TASK GOAL
Reproduce all lines of the listing below in which the word "also" occurs.

:::::

(* Let $N=2^n$. Every discrete bivariate Haar wavelet $\mathbf{h}^e_{p,q}$ satisfies $\|\nabla\mathbf{h}^e_{p,q}\|_1\le 8$.
   Context: Haar system: $H^0=\mathbf{1}_{[0,1)}$, $H^1=\mathbf{1}_{[0,1/2)}-\mathbf{1}_{[1/2,1)}$; for $e=(e_1,e_2)\in\{(0,1),(1,0),(1,1)\}$, $H^e(u,v)=H^{e_1}(u)H^{e_2}(v)$ and $H^e_{p,q}(x)=2^pH^e(2^px-q)$ for $p\ge0$, $q\in\mathbb{Z}^2\cap2^p[0,1)^2$. Identifying $\mathbf{X}\in\mathbb{C}^{N\times N}$ with the function on $[0,1)^2$ equal to $NX_{j,k}$ on $[\frac{j-1}{N},\frac jN)\times[\frac{k-1}{N},\frac kN)$, the discrete bivariate Haar wavelets $\mathbf{h}^e_{p,q}$ are the images corresponding to $H^e_{p,q}$, $0\le p\le n-1$. Discrete gradient: $\nabla\mathbf{X}$ collects all differences $X_{j+1,k}-X_{j,k}$ ($1\le j\le N-1$) and $X_{j,k+1}-X_{j,k}$ ($1\le k\le N-1$), and $\|\nabla\mathbf{X}\|_1$ is the sum of their absolute values. *)

theory Defs
  imports Complex_Main
begin

definition haar0 :: "real \<Rightarrow> real" where
  "haar0 x = (if 0 \<le> x \<and> x < 1 then 1 else 0)"

definition haar1 :: "real \<Rightarrow> real" where
  "haar1 x = (if 0 \<le> x \<and> x < 1/2 then 1 else if 1/2 \<le> x \<and> x < 1 then -1 else 0)"

definition haar_uni :: "nat \<Rightarrow> real \<Rightarrow> real" where
  "haar_uni b = (if b = 0 then haar0 else haar1)"

definition haar_biv :: "nat \<times> nat \<Rightarrow> real \<times> real \<Rightarrow> real" where
  "haar_biv e x = haar_uni (fst e) (fst x) * haar_uni (snd e) (snd x)"

definition haar_pq :: "nat \<times> nat \<Rightarrow> nat \<Rightarrow> int \<times> int \<Rightarrow> real \<times> real \<Rightarrow> real" where
  "haar_pq e p q x =
     2 ^ p * haar_biv e (2 ^ p * fst x - of_int (fst q), 2 ^ p * snd x - of_int (snd q))"

text \<open>Discrete Haar wavelet image of size N = 2^n, indices j,k in {1..N}:
  the function H^e_{p,q} (constant on the grid cells since p \<le> n-1) takes the
  value N * X_{j,k} on the cell [(j-1)/N, j/N) x [(k-1)/N, k/N); we evaluate it at
  the lower-left corner of the cell.\<close>
definition haar_img :: "nat \<Rightarrow> nat \<times> nat \<Rightarrow> nat \<Rightarrow> int \<times> int \<Rightarrow> nat \<Rightarrow> nat \<Rightarrow> real" where
  "haar_img n e p q j k =
     haar_pq e p q ((real j - 1) / 2 ^ n, (real k - 1) / 2 ^ n) / 2 ^ n"

definition grad_l1 :: "nat \<Rightarrow> (nat \<Rightarrow> nat \<Rightarrow> real) \<Rightarrow> real" where
  "grad_l1 N X =
     (\<Sum>j\<in>{1..<N}. \<Sum>k\<in>{1..N}. \<bar>X (j+1) k - X j k\<bar>)
   + (\<Sum>j\<in>{1..N}. \<Sum>k\<in>{1..<N}. \<bar>X j (k+1) - X j k\<bar>)"

end

theory Submission
  imports Defs
begin

text \<open>The image is a tensor product \<open>X j k = A j * B k / 2r\<close> of two sampled univariate Haar
  functions, each supported on \<open>2r\<close> consecutive pixels and bounded by 1, where \<open>2r = 2^(n-p)\<close>.
  For such a product, \<open>\<parallel>\<nabla>X\<parallel>\<^sub>1 = (TV(A) \<parallel>B\<parallel>\<^sub>1 + \<parallel>A\<parallel>\<^sub>1 TV(B)) / 2r\<close>. A sampled Haar function
  jumps by at most 1, 2, 1 at its three breakpoints, so \<open>TV \<le> 4\<close>, while \<open>\<parallel>\<cdot>\<parallel>\<^sub>1 \<le> 2r\<close>;
  hence \<open>\<parallel>\<nabla>X\<parallel>\<^sub>1 \<le> (4 \<cdot> 2r + 2r \<cdot> 4) / 2r = 8\<close>.\<close>

definition variation :: "nat \<Rightarrow> (nat \<Rightarrow> real) \<Rightarrow> real" where
  "variation N A = (\<Sum>j\<in>{1..<N}. \<bar>A (j+1) - A j\<bar>)"

definition norm1 :: "nat \<Rightarrow> (nat \<Rightarrow> real) \<Rightarrow> real" where
  "norm1 N A = (\<Sum>j\<in>{1..N}. \<bar>A j\<bar>)"

lemma grad_l1_tensor:
  fixes A B :: "nat \<Rightarrow> real"
  assumes "c \<ge> 0"
  shows "grad_l1 N (\<lambda>j k. c * A j * B k) =
    c * (variation N A * norm1 N B + norm1 N A * variation N B)"
proof -
  have sep: "(\<Sum>j\<in>I. \<Sum>k\<in>K. c * (f j * g k)) = c * (sum f I * sum g K)"
    for f g :: "nat \<Rightarrow> real" and I K
    by (subst sum_product) (simp only: sum_distrib_left)
  have "\<bar>c * A (j+1) * B k - c * A j * B k\<bar> = c * (\<bar>A (j+1) - A j\<bar> * \<bar>B k\<bar>)" for j k
    using assms by (simp add: abs_mult left_diff_distrib[symmetric] right_diff_distrib[symmetric])
  moreover have "\<bar>c * A j * B (k+1) - c * A j * B k\<bar> = c * (\<bar>A j\<bar> * \<bar>B (k+1) - B k\<bar>)" for j k
    using assms by (simp add: abs_mult right_diff_distrib[symmetric])
  ultimately show ?thesis
    unfolding grad_l1_def variation_def norm1_def by (simp only: sep distrib_left)
qed

definition haar_step :: "nat \<Rightarrow> nat \<Rightarrow> int \<Rightarrow> real" where
  "haar_step b r t = haar_uni b (of_int t / (2 * real r))"

lemma haar_step_eq:
  assumes "r > 0"
  shows "haar_step b r t =
    (if 0 \<le> t \<and> t < 2 * int r then if b = 0 \<or> t < int r then 1 else -1 else 0)"
proof -
  have "(0 \<le> of_int t / (2 * real r)) = (0 \<le> t)"
    and "(of_int t / (2 * real r) < 1) = (t < 2 * int r)"
    and "(of_int t / (2 * real r) < 1/2) = (t < int r)"
    using assms of_int_less_iff[of t "2 * int r", where 'a=real]
      of_int_less_iff[of t "int r", where 'a=real]
    by (simp_all add: divide_simps)
  then show ?thesis
    by (auto simp: haar_step_def haar_uni_def haar0_def haar1_def not_less[symmetric])
qed

lemma sum_if_int_eq_le:
  assumes "finite A" "a \<ge> 0"
  shows "(\<Sum>j\<in>A. if int j = c then a else 0) \<le> (a::real)"
proof -
  have "(\<Sum>j\<in>A. if int j = c then a else 0)
      = (\<Sum>j\<in>A. if j = nat c then (if c \<ge> 0 then a else 0) else 0)"
    by (rule sum.cong) auto
  also have "\<dots> \<le> a"
    using assms by (simp add: sum.delta)
  finally show ?thesis .
qed

lemma haar_step_jump_le:
  assumes "r > 0"
  shows "\<bar>haar_step b r (u - s) - haar_step b r (u - 1 - s)\<bar> \<le>
    (if u = s then 1 else 0) + (if u = s + int r then 2 else 0)
      + (if u = s + 2 * int r then 1 else 0)"
  using assms by (simp add: haar_step_eq)

lemma variation_haar_step_le:
  assumes "r > 0"
  shows "variation N (\<lambda>j. haar_step b r (int j - 1 - s)) \<le> 4"
proof -
  have "variation N (\<lambda>j. haar_step b r (int j - 1 - s))
      = (\<Sum>j\<in>{1..<N}. \<bar>haar_step b r (int j - s) - haar_step b r (int j - 1 - s)\<bar>)"
    unfolding variation_def by simp
  also have "\<dots> \<le> (\<Sum>j\<in>{1..<N}. (if int j = s then 1 else 0)
      + (if int j = s + int r then 2 else 0) + (if int j = s + 2 * int r then 1 else 0))"
    by (intro sum_mono haar_step_jump_le assms)
  also have "\<dots> \<le> 1 + 2 + 1"
    unfolding sum.distrib by (intro add_mono sum_if_int_eq_le) auto
  finally show ?thesis by simp
qed

lemma norm1_haar_step_le:
  assumes "r > 0"
  shows "norm1 N (\<lambda>j. haar_step b r (int j - 1 - s)) \<le> 2 * real r"
proof -
  define S where "S = {j\<in>{1..N}. int j - 1 - s \<in> {0..<2 * int r}}"
  have "norm1 N (\<lambda>j. haar_step b r (int j - 1 - s))
      \<le> (\<Sum>j\<in>{1..N}. if j \<in> S then 1 else 0)"
    unfolding norm1_def S_def using assms by (intro sum_mono) (simp add: haar_step_eq)
  also have "\<dots> = real (card S)"
    by (simp add: S_def sum.inter_filter[symmetric])
  also have "card S \<le> 2 * r"
  proof -
    have "card S = card (int ` S)"
      by (simp add: card_image)
    also have "\<dots> \<le> card {s + 1..s + 2 * int r}"
      by (rule card_mono) (auto simp: S_def)
    finally show ?thesis by simp
  qed
  finally show ?thesis by simp
qed

lemma haar_img_eq_tensor:
  assumes "p < n"
  defines "r \<equiv> 2 ^ (n - p - 1) :: nat"
  shows "haar_img n e p q = (\<lambda>j k. 1 / (2 * real r)
    * haar_step (fst e) r (int j - 1 - fst q * (2 * int r))
    * haar_step (snd e) r (int k - 1 - snd q * (2 * int r)))"
proof -
  have two_r: "(2::real) ^ n = 2 ^ p * (2 * real r)"
  proof -
    have n: "n = p + (n - p - 1) + 1"
      using assms(1) by simp
    show ?thesis
      unfolding r_def by (subst n) (simp add: power_add)
  qed
  have "r > 0"
    by (simp add: r_def)
  then have "2 ^ p * ((real j - 1) / 2 ^ n) - of_int t
      = of_int (int j - 1 - t * (2 * int r)) / (2 * real r)"
    for j and t :: int
    unfolding two_r by (simp add: field_simps)
  then show ?thesis
    unfolding haar_img_def haar_pq_def haar_biv_def haar_step_def
    by (intro ext) (simp add: two_r)
qed

theorem lemma10:
  fixes n p :: nat and e :: "nat \<times> nat" and q :: "int \<times> int"
  assumes "e \<in> {(0,1), (1,0), (1,1)}"
    and "p \<le> n - 1" and "n \<ge> 1"
    and "0 \<le> fst q" and "fst q < 2 ^ p"
    and "0 \<le> snd q" and "snd q < 2 ^ p"
  shows "grad_l1 (2 ^ n) (haar_img n e p q) \<le> 8"
proof -
  define r :: nat where "r = 2 ^ (n - p - 1)"
  have r: "r > 0"
    by (simp add: r_def)
  define A where "A j = haar_step (fst e) r (int j - 1 - fst q * (2 * int r))" for j
  define B where "B k = haar_step (snd e) r (int k - 1 - snd q * (2 * int r))" for k
  have "grad_l1 (2 ^ n) (haar_img n e p q)
      = grad_l1 (2 ^ n) (\<lambda>j k. 1 / (2 * real r) * A j * B k)"
    using assms(2,3) by (simp add: haar_img_eq_tensor A_def B_def r_def)
  also have "\<dots> = 1 / (2 * real r)
      * (variation (2 ^ n) A * norm1 (2 ^ n) B + norm1 (2 ^ n) A * variation (2 ^ n) B)"
    by (rule grad_l1_tensor) simp
  also have "\<dots> \<le> 1 / (2 * real r) * (4 * (2 * real r) + (2 * real r) * 4)"
    unfolding A_def B_def using r
    by (intro mult_left_mono add_mono mult_mono variation_haar_step_le norm1_haar_step_le)
      (auto simp: variation_def norm1_def intro: sum_nonneg)
  also have "\<dots> = 8"
    using r by simp
  finally show ?thesis .
qed

end
lemma hypergeometric_sin_squared_substitution:
  fixes g g' g'' :: "complex \<Rightarrow> complex" and a z :: complex
  assumes g: "(g has_field_derivative g' (sin z ^ 2)) (at (sin z ^ 2))"
    and g': "(g' has_field_derivative g'' (sin z ^ 2)) (at (sin z ^ 2))"
    and ode: "sin z ^ 2 * (1 - sin z ^ 2) * g'' (sin z ^ 2) + (1/2 - 2 * sin z ^ 2) * g' (sin z ^ 2)
                = a * (1 - a) * g (sin z ^ 2)"
  shows "((\<lambda>z. g (sin z ^ 2) * cos z) has_field_derivative
            2 * sin z * cos z ^ 2 * g' (sin z ^ 2) - sin z * g (sin z ^ 2)) (at z)"
    and "((\<lambda>z. 2 * sin z * cos z ^ 2 * g' (sin z ^ 2) - sin z * g (sin z ^ 2)) has_field_derivative
            - ((1 - 2 * a) ^ 2) * (g (sin z ^ 2) * cos z)) (at z)"
proof -
  have sin2: "((\<lambda>z. sin z ^ 2) has_field_derivative 2 * sin z * cos z) (at z)"
    by (auto intro!: derivative_eq_intros)
  note G = DERIV_chain2[OF g sin2] and G' = DERIV_chain2[OF g' sin2]
  show "((\<lambda>z. g (sin z ^ 2) * cos z) has_field_derivative
            2 * sin z * cos z ^ 2 * g' (sin z ^ 2) - sin z * g (sin z ^ 2)) (at z)"
    by (rule DERIV_cong[OF DERIV_mult'[OF G DERIV_cos]]) (simp add: algebra_simps power2_eq_square)
  have sc: "((\<lambda>z. 2 * sin z * cos z ^ 2) has_field_derivative
               2 * cos z ^ 3 - 4 * sin z ^ 2 * cos z) (at z)"
    by (auto intro!: derivative_eq_intros simp: algebra_simps power2_eq_square power3_eq_cube)
  have pythagoras: "sin z ^ 2 + cos z ^ 2 = 1" by simp
  show "((\<lambda>z. 2 * sin z * cos z ^ 2 * g' (sin z ^ 2) - sin z * g (sin z ^ 2)) has_field_derivative
            - ((1 - 2 * a) ^ 2) * (g (sin z ^ 2) * cos z)) (at z)"
    by (rule DERIV_cong[OF DERIV_diff[OF DERIV_mult'[OF sc G'] DERIV_mult'[OF DERIV_sin G]]])
       (use ode pythagoras in algebra)
qed

lemma one_half_notin_nonpos_Ints: "(1/2 :: complex) \<notin> \<int>\<^sub>\<le>\<^sub>0"
  using nonpos_Ints_subset_nonpos_Reals by (auto simp: complex_nonpos_Reals_iff)

lemma hyp2f1_sin_squared_mult_cos_derivatives:
  fixes a z :: complex
  assumes "norm (sin z ^ 2) < fps_conv_radius (hyp2f1_fps a (1 - a) (1/2))"
  defines "f \<equiv> hyp2f1 a (1 - a) (1/2)"
  shows "((\<lambda>z. f (sin z ^ 2) * cos z) has_field_derivative
            2 * sin z * cos z ^ 2 * deriv f (sin z ^ 2) - sin z * f (sin z ^ 2)) (at z)"
      (is ?first)
    and "((\<lambda>z. 2 * sin z * cos z ^ 2 * deriv f (sin z ^ 2) - sin z * f (sin z ^ 2))
            has_field_derivative - ((1 - 2 * a) ^ 2) * (f (sin z ^ 2) * cos z)) (at z)"
      (is ?second)
proof -
  define D where "D = eball (0::complex) (fps_conv_radius (hyp2f1_fps a (1 - a) (1/2)))"
  have D: "open D" "sin z ^ 2 \<in> D"
    using assms(1) by (simp_all add: D_def)
  have "f holomorphic_on D" "deriv f holomorphic_on D"
    using holomorphic_on_hyp2f1 holomorphic_deriv by (auto simp: f_def D_def)
  note derivatives = holomorphic_derivI[OF this(1) D] holomorphic_derivI[OF this(2) D]
  have "sin z ^ 2 * (1 - sin z ^ 2) * deriv (deriv f) (sin z ^ 2)
          + (1/2 - 2 * sin z ^ 2) * deriv f (sin z ^ 2) = a * (1 - a) * f (sin z ^ 2)"
    using hyp2f1_ode[OF one_half_notin_nonpos_Ints assms(1)] by (simp add: f_def)
  with derivatives show ?first and ?second
    by (rule hypergeometric_sin_squared_substitution)+
qed

lemma hyp2f1_sin_squared_mult_cos:
  fixes a :: complex
  assumes "0 < fps_conv_radius (hyp2f1_fps a (1 - a) (1/2))"
  shows "\<forall>\<^sub>F z in nhds 0. hyp2f1 a (1 - a) (1/2) (sin z ^ 2) * cos z = cos ((1 - 2 * a) * z)"
proof -
  define f where "f = hyp2f1 a (1 - a) (1/2)"
  define V where
    "V = (\<lambda>z::complex. sin z ^ 2) -` eball 0 (fps_conv_radius (hyp2f1_fps a (1 - a) (1/2)))"
  have "open V" "0 \<in> V"
    using assms unfolding V_def
    by (intro continuous_open_vimage open_eball continuous_intros, simp_all add: zero_ereal_def)
  then obtain d where "0 < d" and dV: "ball 0 d \<subseteq> V"
    using open_contains_ball by blast
  have d: "norm (sin z ^ 2) < fps_conv_radius (hyp2f1_fps a (1 - a) (1/2))"
    if "z \<in> ball 0 d" for z :: complex
    using subsetD[OF dV that] by (simp add: V_def)
  define w where "w z = f (sin z ^ 2) * cos z - cos ((1 - 2 * a) * z)" for z
  define w' where "w' z = 2 * sin z * cos z ^ 2 * deriv f (sin z ^ 2) - sin z * f (sin z ^ 2)
                            + (1 - 2 * a) * sin ((1 - 2 * a) * z)" for z
  have w: "(w has_field_derivative w' z) (at z within ball 0 d)"
    and w': "(w' has_field_derivative - ((1 - 2 * a) ^ 2) * w z) (at z within ball 0 d)"
    if "z \<in> ball 0 d" for z
  proof -
    note hyp = hyp2f1_sin_squared_mult_cos_derivatives[OF d[OF that], folded f_def]
    have cos: "((\<lambda>z. cos ((1 - 2 * a) * z)) has_field_derivative
                 - (1 - 2 * a) * sin ((1 - 2 * a) * z)) (at z)"
      and sin: "((\<lambda>z. (1 - 2 * a) * sin ((1 - 2 * a) * z)) has_field_derivative
                  (1 - 2 * a) ^ 2 * cos ((1 - 2 * a) * z)) (at z)"
      by (auto intro!: derivative_eq_intros simp: power2_eq_square algebra_simps)
    show "(w has_field_derivative w' z) (at z within ball 0 d)"
      unfolding w_def w'_def
      by (rule has_field_derivative_at_within, rule DERIV_cong[OF DERIV_diff[OF hyp(1) cos]])
         (simp add: algebra_simps)
    show "(w' has_field_derivative - ((1 - 2 * a) ^ 2) * w z) (at z within ball 0 d)"
      unfolding w_def w'_def
      by (rule has_field_derivative_at_within, rule DERIV_cong[OF DERIV_add[OF hyp(2) sin]])
         (simp add: algebra_simps)
  qed
  have "w z = 0" if "z \<in> ball 0 d" for z
    using second_order_linear_ode_solution_eq_0[of "ball 0 d" 0 w w', OF convex_ball _ _ _ w w' that]
      \<open>0 < d\<close> by (simp add: w_def w'_def f_def)
  then show ?thesis
    using \<open>0 < d\<close> by (auto simp: eventually_nhds w_def f_def intro!: exI[of _ "ball 0 d"])
qed
lemma has_real_derivative_ln_one_plus_sum_exp:
  fixes C \<Delta> :: "nat \<Rightarrow> real"
  shows "((\<lambda>t. ln (1 + (\<Sum>l\<in>S. exp (C l + t * \<Delta> l)))) has_real_derivative
    (\<Sum>l\<in>S. \<Delta> l * exp (C l)) / (1 + (\<Sum>l\<in>S. exp (C l)))) (at 0)"
proof -
  have inner: "((\<lambda>t. 1 + (\<Sum>l\<in>S. exp (C l + t * \<Delta> l))) has_real_derivative
      (\<Sum>l\<in>S. \<Delta> l * exp (C l))) (at 0)"
    by (auto intro!: derivative_eq_intros simp: mult.commute)
  have pos: "0 < 1 + (\<Sum>l\<in>S. exp (C l + 0 * \<Delta> l))" by (simp add: add_pos_nonneg sum_nonneg)
  show ?thesis using DERIV_chain2[OF DERIV_ln_divide[OF pos] inner] by simp
qed

lemma multinomial_logistic_loss_dir_deriv_le:
  assumes X: "X \<in> carrier_mat m n" and D: "D \<in> carrier_mat m n"
    and b: "\<forall>j<q. b j < n" and a: "\<forall>j<q. a j \<in> carrier_vec m"
    and bound: "\<And>w. w \<in> carrier_vec n \<Longrightarrow> (D *\<^sub>v w) \<bullet> (D *\<^sub>v w) \<le> F * (w \<bullet> w)"
    and F: "0 \<le> F"
  shows "\<exists>L. has_dir_deriv (multinomial_logistic_loss n q b a) X D L
    \<and> L \<le> sqrt 2 * (\<Sum>j<q. sqrt (a j \<bullet> a j)) * sqrt F"
proof -
  define S where "S j = {0..<n} - {b j}" for j
  define C where "C j l = a j \<bullet> col X l - a j \<bullet> col X (b j)" for j l
  define \<Delta> where "\<Delta> j l = a j \<bullet> col D l - a j \<bullet> col D (b j)" for j l
  define L where "L = (\<Sum>j<q. (\<Sum>l\<in>S j. \<Delta> j l * exp (C j l)) / (1 + (\<Sum>l\<in>S j. exp (C j l))))"
  have col_line: "a j \<bullet> col (X + t \<cdot>\<^sub>m D) l = a j \<bullet> col X l + t * (a j \<bullet> col D l)"
    if "j < q" "l < n" for j l t
    using that X D a by (simp add: scalar_prod_add_distrib[of _ m])
  have "multinomial_logistic_loss n q b a (X + t \<cdot>\<^sub>m D)
      = (\<Sum>j<q. ln (1 + (\<Sum>l\<in>S j. exp (C j l + t * \<Delta> j l))))" for t
    unfolding multinomial_logistic_loss_def S_def
    using b by (intro sum.cong refl arg_cong[where f = ln] arg_cong[where f = "\<lambda>x. 1 + x"])
      (auto simp: col_line C_def \<Delta>_def algebra_simps)
  then have "has_dir_deriv (multinomial_logistic_loss n q b a) X D L"
    unfolding L_def using X D
    by (intro has_dir_deriv_of_real_derivative) (auto intro!: DERIV_sum has_real_derivative_ln_one_plus_sum_exp)
  moreover have "L \<le> (\<Sum>j<q. sqrt 2 * sqrt (a j \<bullet> a j) * sqrt F)"
    unfolding L_def
  proof (rule sum_mono)
    fix j assume j: "j \<in> {..<q}"
    define E where "E = (\<Sum>l\<in>S j. exp (C j l))"
    have E: "0 \<le> E" by (simp add: E_def sum_nonneg)
    have "(\<Sum>l\<in>S j. \<Delta> j l * exp (C j l)) / (1 + E) = (\<Sum>l\<in>S j. exp (C j l) / (1 + E) * \<Delta> j l)"
      by (simp add: sum_divide_distrib mult_ac)
    also have "\<dots> \<le> sqrt 2 * sqrt (a j \<bullet> a j) * sqrt F"
      unfolding \<Delta>_def
    proof (rule weighted_column_difference_le[OF _ D _ _ _ _ _ bound F])
      show "(\<Sum>l\<in>S j. exp (C j l) / (1 + E)) \<le> 1"
        using E by (simp add: E_def[symmetric] flip: sum_divide_distrib)
    qed (use a b j E in \<open>auto simp: S_def\<close>)
    finally show "(\<Sum>l\<in>S j. \<Delta> j l * exp (C j l)) / (1 + (\<Sum>l\<in>S j. exp (C j l)))
        \<le> sqrt 2 * sqrt (a j \<bullet> a j) * sqrt F" by (simp add: E_def)
  qed
  ultimately show ?thesis by (auto simp: sum_distrib_left sum_distrib_right mult_ac)
qed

:::::

REPLY TO THE TASK
  also have "\<dots> \<le> a"
  also have "\<dots> \<le> (\<Sum>j\<in>{1..<N}. (if int j = s then 1 else 0)
  also have "\<dots> \<le> 1 + 2 + 1"
  also have "\<dots> = real (card S)"
  also have "card S \<le> 2 * r"
    also have "\<dots> \<le> card {s + 1..s + 2 * int r}"
  also have "\<dots> = 1 / (2 * real r)
  also have "\<dots> \<le> 1 / (2 * real r) * (4 * (2 * real r) + (2 * real r) * 4)"
  also have "\<dots> = 8"
    also have "\<dots> \<le> sqrt 2 * sqrt (a j \<bullet> a j) * sqrt F"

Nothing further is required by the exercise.